From a Western perspective, Qi Gong can have the following effects:
  • It gently loosens and warms up joints and muscles and you are very unlikely to get injured.
  • It dynamically stretches like flow yoga, except in spirals, which is actually more beneficial to the muscles than stretching at angles  because many muscles fibers are oriented in spirals not in straight lines.
  • It increases your energy rather than feeling tired at the end.
  • It is a very calming forming of moving meditation, which activates positive hormones and neurotransmitters, and is practiced in many buddhist communities.
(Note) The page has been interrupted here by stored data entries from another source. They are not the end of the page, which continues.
(* Let $Z_1,\dots,Z_n$ be i.i.d. real random variables with $\mathbb{E}Z_1=\mu_Z$, $\mathrm{Var}(Z_1)=\sigma_Z^2>0$ and $|Z_1-\mu_Z|\leq\Delta_Z$ almost surely. Let $\overline{Z}_n:=\frac1n\sum_{i=1}^nZ_i$, \[V_n^2:=\frac1n\sum_{i=1}^n(Z_i-\mu_Z)^2,\qquad\Sigma_n^2:=\frac1n\sum_{i=1}^n(Z_i-\overline{Z}_n)^2,\] with $V_n,\Sigma_n\geq0$. Then for all $z>0$, \[\Pr\left(|V_n-\sigma_Z|>\frac{z\Delta_Z}{\sqrt n}+\frac{z^2\Delta_Z^2}{12n\sigma_Z}\right)\leq2\exp\left(-\frac{z^2}2\right)\] and \[\Pr\left(|\Sigma_n-\sigma_Z|>\frac{2z\Delta_Z}{\sqrt n}+\frac{2z^2\Delta_Z^2}{12n\sigma_Z}\right)\leq4\exp\left(-\frac{z^2}2\right).\] *)

theory Defs
  imports "HOL-Probability.Probability"
begin

definition sample_mean :: "(nat \<Rightarrow> 'a \<Rightarrow> real) \<Rightarrow> nat \<Rightarrow> 'a \<Rightarrow> real" where
  "sample_mean Z n x = (1 / real n) * (\<Sum>i=1..n. Z i x)"

definition V_stat :: "(nat \<Rightarrow> 'a \<Rightarrow> real) \<Rightarrow> real \<Rightarrow> nat \<Rightarrow> 'a \<Rightarrow> real" where
  "V_stat Z mu n x = sqrt ((1 / real n) * (\<Sum>i=1..n. (Z i x - mu)\<^sup>2))"

definition Sigma_stat :: "(nat \<Rightarrow> 'a \<Rightarrow> real) \<Rightarrow> nat \<Rightarrow> 'a \<Rightarrow> real" where
  "Sigma_stat Z n x = sqrt ((1 / real n) * (\<Sum>i=1..n. (Z i x - sample_mean Z n x)\<^sup>2))"

end

theory Submission
  imports Defs
begin

(* V_n^2 is the empirical mean of the i.i.d. variables W_i = (Z_i - mu)^2, which take values
   in [0, Delta^2] and have mean sigma^2. Chernoff bounds for sum W_i, with the moment generating
   function estimated through convexity of exp (upper tail, Bennett) and through
   exp (-x) <= 1 - x + x^2/2 (lower tail), show that V_n >= sigma + u and V_n <= sigma - u each have
   probability at most exp (-n u^2 / (2 Delta^2)), which is exp (-z^2/2) for u = z Delta / sqrt n.
   Since Sigma_n^2 = V_n^2 - (mean_n - mu)^2, we get |Sigma_n - sigma| <= |V_n - sigma| + |mean_n - mu|,
   and Hoeffding's inequality bounds the last term. *)

lemma exp_neg_le_quadratic:
  fixes x :: real
  assumes "0 \<le> x"
  shows "exp (- x) \<le> 1 - x + x\<^sup>2 / 2"
proof -
  define g where "g = (\<lambda>t::real. 1 - t + t\<^sup>2 / 2 - exp (- t))"
  have g': "(g has_real_derivative (t - 1 + exp (- t))) (at t)" for t
    unfolding g_def by (auto intro!: derivative_eq_intros simp: power2_eq_square)
  have "g 0 \<le> g x"
  proof (rule DERIV_nonneg_imp_nondecreasing[OF assms])
    fix t :: real
    have "0 \<le> t - 1 + exp (- t)"
      using exp_ge_add_one_self[of "- t"] by linarith
    then show "\<exists>y. (g has_real_derivative y) (at t) \<and> 0 \<le> y"
      using g' by blast
  qed
  then show ?thesis
    by (simp add: g_def)
qed

lemma exp_mult_le_chord:
  fixes s w B :: real
  assumes "0 \<le> w" "w \<le> B" "0 < B" "0 \<le> s"
  shows "exp (s * w) \<le> 1 + (exp (s * B) - 1) / B * w"
proof -
  have "exp (s * ((1 - w / B) *\<^sub>R 0 + (w / B) *\<^sub>R B))
          \<le> (1 - w / B) * exp (s * 0) + (w / B) * exp (s * B)"
    by (rule convex_onD[OF convex_on_exp[OF assms(4)]]) (use assms in auto)
  then show ?thesis
    using assms by (simp add: algebra_simps diff_divide_distrib)
qed

lemma exp_neg_mult_le_affine:
  fixes s w B :: real
  assumes "0 \<le> w" "w \<le> B" "0 \<le> s"
  shows "exp (- s * w) \<le> 1 + (s\<^sup>2 * B / 2 - s) * w"
proof -
  have "exp (- s * w) \<le> 1 - s * w + (s * w)\<^sup>2 / 2"
    using exp_neg_le_quadratic[of "s * w"] assms by simp
  moreover have "(s * w)\<^sup>2 \<le> s\<^sup>2 * B * w"
    using mult_left_mono[OF assms(2), of "s\<^sup>2 * w"] assms
    by (simp add: power2_eq_square mult_ac)
  ultimately show ?thesis
    by (simp add: algebra_simps)
qed

lemma abs_diff_le_of_power2_eq_add:
  fixes v w c s :: real
  assumes "0 \<le> v" "0 \<le> w" "v\<^sup>2 = w\<^sup>2 + c\<^sup>2"
  shows "\<bar>w - s\<bar> \<le> \<bar>v - s\<bar> + \<bar>c\<bar>"
proof -
  have "w \<le> v"
  proof (rule power2_le_imp_le)
    show "w\<^sup>2 \<le> v\<^sup>2"
      using assms(3) by simp
  qed fact
  moreover have "v \<le> w + \<bar>c\<bar>"
  proof (rule power2_le_imp_le)
    show "v\<^sup>2 \<le> (w + \<bar>c\<bar>)\<^sup>2"
      unfolding assms(3) power2_sum using assms(2) by simp
  qed (use assms in simp)
  ultimately show ?thesis
    by linarith
qed

lemma sqrt_deviation_gt_cases:
  fixes y \<sigma> u :: real
  assumes "0 \<le> y" "0 \<le> \<sigma>" "0 \<le> u" "u < \<bar>sqrt y - \<sigma>\<bar>"
  shows "(\<sigma> + u)\<^sup>2 \<le> y \<or> y \<le> \<sigma> * (\<sigma> - u)"
proof (cases "\<sigma> + u < sqrt y")
  case True
  then have "(\<sigma> + u)\<^sup>2 \<le> (sqrt y)\<^sup>2"
    using assms by (intro power_mono) auto
  then show ?thesis
    using assms by simp
next
  case False
  then have "u * \<sigma> \<le> (\<sigma> - sqrt y) * (\<sigma> + sqrt y)"
    using assms by (intro mult_mono) auto
  then have "y \<le> \<sigma> * (\<sigma> - u)"
    using assms by (simp add: algebra_simps)
  then show ?thesis ..
qed

lemma sum_power2_diff_mean:
  fixes x :: "'b \<Rightarrow> real"
  assumes "finite A" "A \<noteq> {}"
  shows "(\<Sum>i\<in>A. (x i - (\<Sum>j\<in>A. x j) / card A)\<^sup>2)
       = (\<Sum>i\<in>A. (x i - m)\<^sup>2) - card A * ((\<Sum>j\<in>A. x j) / card A - m)\<^sup>2"
proof -
  define c where "c = (\<Sum>j\<in>A. x j) / card A - m"
  have sum_dev: "(\<Sum>i\<in>A. x i - m) = card A * c"
    using assms by (simp add: c_def sum_subtractf algebra_simps)
  have "(\<Sum>i\<in>A. (x i - (\<Sum>j\<in>A. x j) / card A)\<^sup>2) = (\<Sum>i\<in>A. ((x i - m) - c)\<^sup>2)"
    by (simp add: c_def)
  also have "\<dots> = (\<Sum>i\<in>A. (x i - m)\<^sup>2 - 2 * c * (x i - m) + c\<^sup>2)"
    by (intro sum.cong refl) (simp add: power2_diff)
  also have "\<dots> = (\<Sum>i\<in>A. (x i - m)\<^sup>2) - 2 * c * (\<Sum>i\<in>A. x i - m) + card A * c\<^sup>2"
    by (simp only: sum.distrib sum_subtractf sum_distrib_left[symmetric] sum_constant)
  also have "\<dots> = (\<Sum>i\<in>A. (x i - m)\<^sup>2) - card A * c\<^sup>2"
    by (simp add: sum_dev power2_eq_square)
  finally show ?thesis
    by (simp add: c_def)
qed

context prob_space
begin

lemma nn_integral_exp_le_of_affine_bound:
  assumes W: "integrable M W"
    and affine: "AE x in M. exp (c * W x) \<le> 1 + \<beta> * W x"
  shows "(\<integral>\<^sup>+x. exp (c * W x) \<partial>M) \<le> exp (\<beta> * expectation W)"
proof -
  have "(\<integral>\<^sup>+x. exp (c * W x) \<partial>M) \<le> (\<integral>\<^sup>+x. ennreal (1 + \<beta> * W x) \<partial>M)"
    by (intro nn_integral_mono_AE) (use affine in \<open>auto elim!: eventually_mono intro: ennreal_leI\<close>)
  also have "\<dots> = ennreal (expectation (\<lambda>x. 1 + \<beta> * W x))"
  proof (rule nn_integral_eq_integral)
    show "AE x in M. 0 \<le> 1 + \<beta> * W x"
      using affine by eventually_elim (metis exp_ge_zero order_trans)
  qed (use W in auto)
  also have "expectation (\<lambda>x. 1 + \<beta> * W x) = 1 + \<beta> * expectation W"
    using W by (simp add: prob_space)
  also have "ennreal (1 + \<beta> * expectation W) \<le> exp (\<beta> * expectation W)"
    by (intro ennreal_leI) (metis add.commute exp_ge_add_one_self)
  finally show ?thesis .
qed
The slower you do the exercises, the greater this effect.
  • It increases whole body circulation.
  • It stimulates lymphatic activity, especially the jumping moves.
  • It increases balance, core strength and mobility and has proven in medical studies to reduce falls in seniors.
  • Many Qi Gong masters have lived to be over 100 years of age and in very mobile condition.
  • If you sit too much, a short set of Qi Gong exercises a few times a day will mitigate the effects of sitting. I frequently do it at stops on long drives for this reason.

In honor of my beloved master teacher, Brian O'Dea, I posted his instruction of some forms of Qi Gong/Tai Chi exercises if you would like to practice at home. I am happy to say Brian is alive and well, practicing and teaching in Berkeley, CA.